Later, in November 2000, the U.S. Supreme Court unanimously reversed her father’s conviction, but didn’t address the charges that did not involve Constitutional law, she said.
“Our justice system needs reform,” she said, adding that her father was prevented from seeking a new trial for those charges or suing for wrongful conviction.
He was diagnosed with cancer in 2003 and died in 2006. She said the archbishop reinstated him as a permanent deacon, so he was buried in vestments. She said her father was “so purified and humbled by what he suffered.”
She sang for retreatants a song she wrote for Pope John Paul II just after he died, imagining what he said upon seeing Jesus. She told listeners she hoped the song would get them excited about seeing Jesus.
Ms. Cleveland, who felt God called her to be a “music missionary” but didn’t know what that meant, now has 10 CDs, and much of her music is free on her website, kittycleveland.com, under the section “Sounds of Peace.”
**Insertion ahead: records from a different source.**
text \<open>
  Fix an irrational \<alpha> and let N be the order of A. Cutting [0,1) into the N cells
  [j/N, (j+1)/N) and numbering A by the cells, a point x becomes a pair (a, t) of a label
  a \<in> A and a circle point t = frac (N x). The element (f, n) acts by the skew product
  (a, t) \<mapsto> (\<phi> f (t + n\<alpha>) \<cdot> a, frac (t + n\<alpha>)) over the rotation by n\<alpha>, where \<phi> f z is the
  product of those f i for which z - i\<alpha> lies in [0, 1/2) mod 1. Since A is abelian, \<phi> satisfies
  the cocycle identity \<phi> (f \<cdot> g(_ - n)) z = \<phi> f z \<cdot> \<phi> g (z - n\<alpha>), so this is an action of the
  wreath product. Each map is a translation between the finitely many points where the cell, the
  rotated circle point or one of the windows [i\<alpha>, i\<alpha> + 1/2) jumps, hence an IET. Irrationality of
  \<alpha> recovers n from the rotation, and lets one cross the boundary of a single window without
  crossing any other, which recovers each value f i from \<phi> f.
\<close>

lemma ex_irrational: "\<exists>\<alpha>::real. \<alpha> \<notin> \<rat>"
proof -
  have "\<rat> \<noteq> (UNIV :: real set)"
    using countable_rat[where 'a=real] uncountable_UNIV_real by auto
  then show ?thesis by auto
qed

lemma of_int_mult_irrational_notin_Ints:
  fixes \<alpha> :: real
  assumes "\<alpha> \<notin> \<rat>" and "k \<noteq> 0"
  shows "of_int k * \<alpha> \<notin> \<int>"
proof
  assume "of_int k * \<alpha> \<in> \<int>"
  then have "of_int k * \<alpha> / of_int k \<in> \<rat>"
    by (intro Rats_divide) (auto intro: Ints_subset_Rats[THEN subsetD])
  then show False using assms by simp
qed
On weekdays she leads the rosary at 5:45 a.m. CT on Instagram and YouTube.com/KittyCleveland, and volunteers lead it on weekends on Facebook, where the 6,000 participants can communicate with each other, she said.
Some retreatants shared their reactions to the day.
Connie Kelly, of Prince of Peace Parish in Princeton, celebrating her 80th birthday, said it was her first retreat, “but not the last!” Of Ms. Cleveland she said, “She’s a real person – like us.”
“I thought it was very inspiring – the deepness of her faith and her explanation of it,” said Charon Quinn, of Christ the King Parish in Worcester, who said this was her first retreat in decades.